States may now see the Security Council resolution as binding them to act in its spirt and not recognize the settlements as part of Israel. Another important element of the decision is the request that the Secretary-General report to the Security Council every three months on the resolution's implementation, a provision that ensures constant engagement with the topic.
Not least, the decision may give International Criminal Court prosecutor Fatou Bensouda political and legal encouragement to shift the preliminary examination she is carrying out on settlement construction as part of her study of the Israeli-Palestinian situation into a full-blown investigation. The consensus that the resolution represents on the illegality of the settlements and the description of their construction as a “flagrant” violation may convince Bensouda that she has strong grounds to pursue the matter before the ICC. The gravity requirement that exists in the ICC's statute could be fulfilled with a such a case against settlement construction.

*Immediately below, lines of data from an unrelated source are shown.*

lemma mult_eq_of_qcomm_pair_left:
  assumes "q \<noteq> 0" "q + inverse q \<noteq> 0"
    and g': "g' = g + phi (q + inverse q) * f"
    and "qcomm phi q w g = r" and "qcomm phi q g' w = r"
  shows "phi (q - inverse q) * (g * w) = r - phi (q^2) * (f * w - phi (inverse (q^2)) * (w * f))"
proof (rule phi_cancel_left[OF \<open>q + inverse q \<noteq> 0\<close>])
  have "phi (q + inverse q) * (phi (q - inverse q) * (g * w))
      = phi (inverse q) * qcomm phi q w g + phi q * qcomm phi q g' w
        - phi (q + inverse q) * (phi (q^2) * (f * w - phi (inverse (q^2)) * (w * f)))"
    using \<open>q \<noteq> 0\<close> unfolding g' qcomm_def
    by (simp add: algebra_simps phi_add phi_diff mult_inverse_cancel_left power2_eq_square)
  then show "phi (q + inverse q) * (phi (q - inverse q) * (g * w))
      = phi (q + inverse q) * (r - phi (q^2) * (f * w - phi (inverse (q^2)) * (w * f)))"
    unfolding assms(4,5) by (simp add: algebra_simps phi_add)
qed

lemma qcomm_Bdelta:
  assumes "q \<noteq> 0"
  shows "phi q * comm (Bdelta phi q w0 w1) g = comm (qcomm phi q w0 g) w1 - comm w0 (qcomm phi q g w1)"
proof -
  have "q * inverse (q^2) = inverse q"
    using assms by (simp add: power2_eq_square)
  then show ?thesis
    unfolding comm_def qcomm_def Bdelta_def by (simp add: algebra_simps)
qed

lemma comm_Bdelta_of_commute_right:
  assumes "w1 * a = a * w1"
  shows "comm (Bdelta phi q w0 w1) a = phi (inverse (q^2)) * (comm w0 a * w1) - w1 * comm w0 a"
proof -
  have "w1 * (a * z) = a * (w1 * z)" for z
    by (simp add: assms flip: mult.assoc)
  then show ?thesis
    unfolding comm_def Bdelta_def by (simp add: algebra_simps assms)
qed

lemma comm_Bdelta_of_commute_left:
  assumes "w0 * a = a * w0"
  shows "comm (Bdelta phi q w0 w1) a = comm a w1 * w0 - phi (inverse (q^2)) * (w0 * comm a w1)"
proof -
  have "w0 * (a * z) = a * (w0 * z)" for z
    by (simp add: assms flip: mult.assoc)
  then show ?thesis
    unfolding comm_def Bdelta_def by (simp add: algebra_simps assms)
qed

text \<open>The scalar identity of the induction step: for rho = -(c b)^2 the two occurrences
  of z cancel.\<close>

lemma rescaled_relation:
  assumes "c \<noteq> 0" "b \<noteq> 0"
    and p: "phi c * p = phi (- ((c * b)^2)) * a - phi (- ((c * b)^2)) * y - z"
  shows "phi (b powi -2) * p + phi (- c) * y + phi (inverse ((c * b)^2)) * (phi c * z) = phi (- c) * a"
proof (rule phi_cancel_left[OF \<open>c \<noteq> 0\<close>])
  have s1: "b powi -2 * - ((c * b)^2) = - (c * c)" and s2: "c * c * inverse ((c * b)^2) = b powi -2"
    using assms(1,2) by (simp_all add: power_int_minus field_simps power2_eq_square)
  have "phi c * (phi (b powi -2) * p + phi (- c) * y + phi (inverse ((c * b)^2)) * (phi c * z))
      = phi (b powi -2) * (phi c * p) + phi (- (c * c)) * y + phi (c * c * inverse ((c * b)^2)) * z"
    by (simp add: algebra_simps)
  also have "\<dots> = phi (b powi -2) * (phi (- ((c * b)^2)) * a - phi (- ((c * b)^2)) * y - z)
      + phi (- (c * c)) * y + phi (b powi -2) * z"
    unfolding p s2 ..
  also have "\<dots> = phi (b powi -2 * - ((c * b)^2)) * a - phi (b powi -2 * - ((c * b)^2)) * y
      + phi (- (c * c)) * y"
    by (simp add: algebra_simps)
  also have "\<dots> = phi c * (phi (- c) * a)"
    unfolding s1 by simp
  finally show "phi c * (phi (b powi -2) * p + phi (- c) * y + phi (inverse ((c * b)^2)) * (phi c * z))
      = phi c * (phi (- c) * a)" .
qed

The decision may be part of a longer process of international delegitimization of the settlements and the occupation more generally. While the Trump administration’s attitude may be different than that of Obama, it will not be able to undo the decision. In the future, perhaps even after Trump’s term, it may set the groundwork for the UN to play a significant role in pressuring Israel to end the occupation. Enforcement steps under Chapter 7 against Israel (be they civil sanctions or military ones) at this stage seem very unlikely and the U.S. will probably veto any such measures in the foreseeable future. But in the long term, the current decision may be one of many to come, some of them potentially harsher. The decision may prove to be, in the words of the Court in the Namibia case, only the first step.